Ce site me parait le site le plus abouti. Il propose une trentaine de ville. L’inscription pour les artistes ne coute que 25 €, et les hôtes doivent s’acquitter de 15 € de frais de mise en relation. Le reste, cachet, condition est à négocier entre l’artiste et son hôte. https://www.concertenappart.com/

 

Il existe d’autres sites comme :

http://www.mon-concert-prive.com/

http://www.lesconcertsadomicile.com/

http://myprivatelive.com/

Je ne suis jamais passé par un seul de ces sites. Je ne juge donc pas ici du sérieux des offres et de l’organisation. J’éclaire juste que ce service existe déjà sur la gigantesque toile. Si par cas vous êtes déjà passé par ce genre de site n’hésitez pas à laisser un commentaire pour  partager votre expérience.

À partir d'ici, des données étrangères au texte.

(* For a semi-abelian category $\mathcal C$ the following are equivalent: (i) every composite of two normal monomorphisms in $\mathcal C$ is a normal monomorphism; (ii) in $\mathcal C$, every pushout of a normal monomorphism along a regular epimorphism is a monomorphism (necessarily normal).
   Context: Semi-abelian category: pointed, Barr-exact, protomodular, with binary coproducts. A normal monomorphism is a kernel of some morphism; a regular epimorphism is a coequaliser of some pair (in this context, a cokernel). *)

theory Defs
  imports Main
begin

record ('o, 'a) cat =
  Obj  :: "'o set"
  Arr  :: "'a set"
  Dom  :: "'a \<Rightarrow> 'o"
  Cod  :: "'a \<Rightarrow> 'o"
  Idt  :: "'o \<Rightarrow> 'a"
  Comp :: "'a \<Rightarrow> 'a \<Rightarrow> 'a"   (* Comp C g f = g o f, meaningful when Cod f = Dom g *)

definition hom :: "('o, 'a) cat \<Rightarrow> 'o \<Rightarrow> 'o \<Rightarrow> 'a set" where
  "hom C x y = {f \<in> Arr C. Dom C f = x \<and> Cod C f = y}"

definition category :: "('o, 'a) cat \<Rightarrow> bool" where
  "category C \<longleftrightarrow>
     (\<forall>f \<in> Arr C. Dom C f \<in> Obj C \<and> Cod C f \<in> Obj C) \<and>
     (\<forall>x \<in> Obj C. Idt C x \<in> hom C x x) \<and>
     (\<forall>f \<in> Arr C. \<forall>g \<in> Arr C. Cod C f = Dom C g \<longrightarrow>
        Comp C g f \<in> hom C (Dom C f) (Cod C g)) \<and>
     (\<forall>f \<in> Arr C. \<forall>g \<in> Arr C. \<forall>h \<in> Arr C. Cod C f = Dom C g \<longrightarrow> Cod C g = Dom C h \<longrightarrow>
        Comp C h (Comp C g f) = Comp C (Comp C h g) f) \<and>
     (\<forall>f \<in> Arr C. Comp C f (Idt C (Dom C f)) = f \<and> Comp C (Idt C (Cod C f)) f = f)"
lemma agree_beyond_compose_tables:
  assumes agree1: "agree_beyond M1 X1 Y1" and agree2: "agree_beyond M2 X2 Y2"
    and short: "\<forall>(x, h, y) \<in> X2 \<union> Y2. length x \<le> length y + L"
  shows "agree_beyond (M1 + M2 + L) (compose_tables H X1 X2) (compose_tables H Y1 Y2)"
proof -
  have transfer: "(x, k, z) \<in> compose_tables H Y1 Y2"
    if xkz: "(x, k, z) \<in> compose_tables H X1 X2" and long: "M1 + M2 + L \<le> length x"
      and a1: "agree_beyond M1 X1 Y1" and a2: "agree_beyond M2 X2 Y2"
      and sh: "\<forall>(x, h, y) \<in> X2. length x \<le> length y + L"
    for X1 X2 Y1 Y2 x k z
  proof -
    obtain g h y where c: "(y, g, z) \<in> X1" "(x, h, y) \<in> X2" "k = g \<otimes>\<^bsub>H\<^esub> h"
      using xkz by (rule compose_tablesE)
    have "length x \<le> length y + L" using sh c(2) by auto
    then have "(y, g, z) \<in> Y1" and "(x, h, y) \<in> Y2"
      using long a1 a2 c(1,2) unfolding agree_beyond_def by auto
    then show ?thesis unfolding c(3) by (rule compose_tablesI)
  qed
  show ?thesis
    unfolding agree_beyond_def
  proof (intro allI impI iffI)
    fix x :: "nat list" and k z assume "M1 + M2 + L \<le> length x"
    then show "(x, k, z) \<in> compose_tables H X1 X2 \<Longrightarrow> (x, k, z) \<in> compose_tables H Y1 Y2"
      and "(x, k, z) \<in> compose_tables H Y1 Y2 \<Longrightarrow> (x, k, z) \<in> compose_tables H X1 X2"
      using transfer[of x k z X1 X2 Y1 Y2] transfer[of x k z Y1 Y2 X1 X2] agree1 agree2 short
      unfolding agree_beyond_def by (blast, blast)
  qed
qed

context wreath_recursion_magma
begin

lemma expansions_compose_tables_subset:
  assumes T1: "valid_table H d T1" and T2: "valid_table H d T2"
  shows "expansions d p s (compose_tables H T1 T2) \<subseteq>
    compose_tables H (expansions d p s T1) (expansions d p s T2)"
proof
  fix t assume "t \<in> expansions d p s (compose_tables H T1 T2)"
  then obtain v k u w where c: "(v, k, u) \<in> compose_tables H T1 T2" "w \<in> lists {0..<d}"
    and t: "t = (v @ w, secw s k w, u @ act p s k w)"
    unfolding expansions_def by blast
  obtain g h w0 where c1: "(w0, g, u) \<in> T1" and c2: "(v, h, w0) \<in> T2" and k: "k = g \<otimes> h"
    using c(1) by (rule compose_tablesE)
  have g: "g \<in> carrier H" and h: "h \<in> carrier H"
    using valid_table_carrier[OF T1 c1] valid_table_carrier[OF T2 c2] .
  have "(v @ w, secw s h w, w0 @ act p s h w) \<in> expansions d p s T2"
    using expansionsI[OF c2 c(2)] .
  moreover have "(w0 @ act p s h w, secw s g (act p s h w), u @ act p s g (act p s h w))
      \<in> expansions d p s T1"
    using expansionsI[OF c1 act_lists[OF h c(2)]] .
  ultimately show "t \<in> compose_tables H (expansions d p s T1) (expansions d p s T2)"
    unfolding t k secw_mult[OF g h c(2)] act_mult[OF g h c(2)] by (rule compose_tablesI[rotated])
qed
lemma val_sum_iff_b_eq_c:
  "(\<forall>i. val_set (sum_set (mpow R i) (prin_ideal R x)) = val_set (mpow R i) \<union> val_set (prin_ideal R x)) \<longleftrightarrow>
   (\<forall>j < mult_e R. b_idx R j = c_idx R x j)"
proof
  assume sum_eq: "\<forall>i. val_set (sum_set (mpow R i) (prin_ideal R x)) =
                      val_set (mpow R i) \<union> val_set (prin_ideal R x)"
  show "\<forall>j < mult_e R. b_idx R j = c_idx R x j"
  proof (intro allI impI)
    fix j assume j: "j < mult_e R"
    have "apery R j \<in> val_set (mpow R (c_idx R x j))"
      using c_idx_greatest(1)[OF j] sum_eq apery_not_in_val_prin_ideal[OF j] by blast
    then have "c_idx R x j \<le> b_idx R j"
      unfolding b_idx_eq_vord using vord_greatest(2)[OF SR apery_props(1)[OF SR j]] by blast
    then show "b_idx R j = c_idx R x j" using b_idx_le_c_idx[OF j] by simp
  qed
next
  assume b_eq_c: "\<forall>j < mult_e R. b_idx R j = c_idx R x j"
  show "\<forall>i. val_set (sum_set (mpow R i) (prin_ideal R x)) = val_set (mpow R i) \<union> val_set (prin_ideal R x)"
  proof
    fix i
    have "u \<in> val_set (mpow R i)"
      if u: "u \<in> val_set (sum_set (mpow R i) (prin_ideal R x))" "u \<notin> val_set (prin_ideal R x)" for u
    proof -
      define j where "j = u mod mult_e R"
      have j: "j < mult_e R" unfolding j_def using mult_e_props(2)[OF SR] by simp
      have "sum_set (mpow R i) (prin_ideal R x) \<subseteq> R"
        unfolding sum_set_def using mpow_subset_R[OF SR] prin_ideal_subset_R R_add[OF SR] by blast
      then have "u \<in> val_set R" using u(1) val_set_mono by blast
      then have uw: "u = apery R j" using val_prin_ideal_iff_not_apery u(2) unfolding j_def by blast
      then have "i \<le> c_idx R x j" using c_idx_greatest(2)[OF j, of i] u(1) by simp
      moreover have "b_idx R j = c_idx R x j" using b_eq_c j by blast
      ultimately have "i \<le> vord R (apery R j)" unfolding b_idx_eq_vord by simp
      then show ?thesis
        using vord_greatest(1)[OF SR apery_props(1)[OF SR j]] val_mpow_antimono[OF SR] uw by blast
    qed
    then show "val_set (sum_set (mpow R i) (prin_ideal R x)) = val_set (mpow R i) \<union> val_set (prin_ideal R x)"
      using val_union_subset_val_sum[OF mpow_subspace[OF SR]
          prin_ideal_subspace[OF SR]] by blast
  qed
qed

end

theorem proposition1p2:
  fixes R :: "'a::field fps set" and x :: "'a fps"
  assumes "setup_ring R"
    and "x \<in> R"
    and "subdegree x = mult_e R"
  shows "(ess_divisible R x \<longleftrightarrow>
           (\<forall>i. val_set (mpow R i \<inter> prin_ideal R x) = val_set (mpow R i) \<inter> val_set (prin_ideal R x)))
       \<and> (ess_divisible R x \<longleftrightarrow>
           (\<forall>i. val_set (sum_set (mpow R i) (prin_ideal R x)) = val_set (mpow R i) \<union> val_set (prin_ideal R x)))
       \<and> (ess_divisible R x \<longleftrightarrow> (\<forall>j < mult_e R. b_idx R j = c_idx R x j))"
  by (simp only: ess_divisible_iff_vord_witness[OF assms] vord_witness_iff_val_inter[OF assms]
      val_inter_iff_val_sum_mpow[OF assms] val_sum_iff_b_eq_c[OF assms] simp_thms)

end
lemma log_derivative_lower_bound:
  fixes b c S T X Y :: real
  assumes c: "c > -1" and b: "-1 < b" "b \<le> 0" and Y: "0 < Y" "Y \<le> X"
    and S: "S = (c + 1) * X - (c + b + 2) * Y + T" and T: "T \<le> (c + 2) / (b + 1) * Y"
  shows "(c + 2) * b / (b + 1) \<le> 1 - T / Y + S / X"
proof -
  define k where "k = (c + 2) / (b + 1)"
  define r where "r = Y / X"
  have "b * (c + b + 3) \<le> 0"
    using b c by (intro mult_nonpos_nonneg) auto
  then have "c + b + 2 \<le> k"
    unfolding k_def using b by (simp add: field_simps)
  have "(c + 2) * b / (b + 1) = c + 2 - k"
    unfolding k_def using b by (simp add: field_simps)
  also have "\<dots> \<le> c + 2 - k + (k - (c + b + 2)) * r"
    unfolding r_def using \<open>c + b + 2 \<le> k\<close> Y by simp
  also have "\<dots> = c + 2 - k * Y * (1 / Y - 1 / X) - (c + b + 2) * r"
    unfolding r_def using Y by (simp add: right_diff_distrib algebra_simps)
  also have "\<dots> \<le> c + 2 - T * (1 / Y - 1 / X) - (c + b + 2) * r"
    unfolding k_def using T Y by (intro diff_right_mono diff_left_mono mult_right_mono) (auto simp: field_simps)
  also have "\<dots> = 1 - T / Y + S / X"
    unfolding S r_def using Y by (simp add: field_simps)
  finally show ?thesis .
qed

lemma beta_ratio_log_derivative_bound:
  fixes c b g w :: real
  assumes c: "c > -1" and b: "-1 < b" "b \<le> 0" and g: "g > 0" and w: "w > 0"
  defines "M \<equiv> \<lambda>c' y. beta_integral c' b (\<lambda>l. (1 + y * l) powr - g)"
  shows "\<exists>D. ((\<lambda>y. y * M (c + 1) y / M c y) has_real_derivative D) (at w) \<and>
             (c + 2) * b / (b + 1) \<le> w * D / (w * M (c + 1) w / M c w)"
proof -
  define N where "N c' = beta_integral c' b (\<lambda>l. (1 + w * l) powr (- g - 1))" for c'
  define X where "X = M c w"
  define Y where "Y = M (c + 1) w"
  have pos: "0 < (1 + w * l) powr d" if "0 \<le> l" for l d
  proof -
    have "0 < 1 + w * l"
      using w that by (intro add_pos_nonneg) auto
    then show ?thesis by simp
  qed
  have h: "continuous_on {0..1} (\<lambda>l. (1 + w * l) powr d)" for d
    using w by (intro continuous_on_one_plus_powr) simp
  have dM: "(M c' has_real_derivative - g * N (c' + 1)) (at w)" if "c' > -1" for c'
    using has_real_derivative_beta_integral_one_plus_powr[of c' b "- g" w] that b g w
    unfolding M_def N_def by simp
  have Y: "0 < Y"
    unfolding Y_def M_def using c b pos h by (intro beta_integral_pos) auto
  have YX: "Y \<le> X"
    unfolding X_def Y_def M_def beta_integral_plus1_left using c b pos h
    by (intro beta_integral_mono continuous_intros) (auto simp: mult_left_le_one_le less_imp_le)
  define D where "D = ((Y + - g * N (c + 2) * w) * X - - g * N (c + 1) * (w * Y)) / X\<^sup>2"
  have "((\<lambda>y. y * M (c + 1) y / M c y) has_real_derivative D) (at w)"
    using DERIV_quotient[OF DERIV_mult[OF DERIV_ident dM[of "c + 1"]] dM[OF c]] Y YX c
    by (simp add: D_def X_def Y_def power2_eq_square add.assoc)
  moreover have "(c + 2) * b / (b + 1) \<le> w * D / (w * Y / X)"
  proof -
    have "g * w * N (c + 1) = (c + 1) * X - (c + b + 2) * Y + g * w * N (c + 2)"
      unfolding N_def X_def Y_def M_def using beta_integral_one_plus_powr_by_parts[of c b w g] c b w
      by simp
    moreover have "g * w * N (c + 2) \<le> (c + 2) / (b + 1) * Y"
      unfolding N_def Y_def M_def using beta_integral_one_plus_powr_convex_bound[of c b g w] c b g w
      by simp
    ultimately have "(c + 2) * b / (b + 1) \<le> 1 - g * w * N (c + 2) / Y + g * w * N (c + 1) / X"
      by (rule log_derivative_lower_bound[OF c b Y YX])
    also have "\<dots> = w * D / (w * Y / X)"
      unfolding D_def using w Y YX by (simp add: field_simps power2_eq_square)
    finally show ?thesis .
  qed
  ultimately show ?thesis
    unfolding X_def Y_def by blast
qed

theorem lemma3p6:
  fixes p n :: nat and a b e :: real
  assumes "p \<ge> 3" and "n \<ge> 1"
    and "e > - real p / 2 - real n / 2 - 1"
    and "- real p / 2 - 1 < a" and "a < real n / 2 + e"
    and "-1 < b" and "b < min (real n / 2 + e - a - 1) 0"
  shows "\<forall>w>0. \<exists>D. (phi_fun p n a b e has_real_derivative D) (at w) \<and>
           w * D / phi_fun p n a b e w \<ge> (real p / 2 + a + 2) * b / (b + 1)"
proof (intro allI impI)
  fix w :: real assume w: "w > 0"
  define c where "c = real p / 2 + a"
  define g where "g = real p / 2 + real n / 2 + e + 2"
  define M where "M = (\<lambda>c' y. beta_integral c' b (\<lambda>l. (1 + y * l) powr - g))"
  have c: "c > -1" and g: "g > 0" and b: "-1 < b" "b \<le> 0"
    using assms by (auto simp: c_def g_def)
  have phi: "phi_fun p n a b e y = y * M (c + 1) y / M c y" if y: "y > 0" for y
  proof -
    have "(LINT l:{0..1}|lborel. l powr c' * (1 - l) powr b * (1 + y * l) powr - g) = M c' y"
      if "c' > -1" for c'
      unfolding M_def using that b y
      by (intro set_lebesgue_integral_eq_beta_integral continuous_on_one_plus_powr) auto
    moreover have "- real p / 2 - real n / 2 - e - 2 = - g"
      by (simp add: g_def)
    ultimately show ?thesis
      using c unfolding phi_fun_def c_def by simp
  qed
  obtain D where D: "((\<lambda>y. y * M (c + 1) y / M c y) has_real_derivative D) (at w)"
    "(c + 2) * b / (b + 1) \<le> w * D / (w * M (c + 1) w / M c w)"
    using beta_ratio_log_derivative_bound[OF c b g w] unfolding M_def by blast
  show "\<exists>D. (phi_fun p n a b e has_real_derivative D) (at w) \<and>
          w * D / phi_fun p n a b e w \<ge> (real p / 2 + a + 2) * b / (b + 1)"
  proof (intro exI conjI)
    show "(phi_fun p n a b e has_real_derivative D) (at w)"
      using D(1) by (rule has_field_derivative_transform_within_open[where S = "{0<..}"])
        (use w phi in auto)
    show "w * D / phi_fun p n a b e w \<ge> (real p / 2 + a + 2) * b / (b + 1)"
      using D(2) phi[OF w] by (simp add: c_def)
  qed
qed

Et si votre ville ne fais pas partie des choix possibles, rien ne vous empêche de les trouver vous-même vos 400 premiers spectateurs. Allo, maman ? Tu fais quoi vendredi soir en 8 ?

Je rêve d’un espace d’expression ou chacun pourrait apporter sa contribution et ses idées pour réinventer les concerts de demain. Avec un peu de chance, il sera peut-être possible à nouveau de faire sortir les foules pour qu’elles aillent mettre leur nez devant des musiciens passionnés, pour les voir entièrement recouverts de la sueur que la passion nous file quand on joue au milieu d’une salle à manger comme si on était sur la scène d’un zénith.

Personnellement c’est ce que je vais tenter de faire avec mon projet solo : NIL. Une fois que j’aurais construit  un live assez long et bien maitrisé je partirai toquer aux portes de tous ceux qui voudront bien m’accueillir dans leur maison/Zénith ! En attendant, mon salon est ouvert Romain, et moi et ma petite famille se feront un plaisir de t’accueillir toi et tous tes ahuris !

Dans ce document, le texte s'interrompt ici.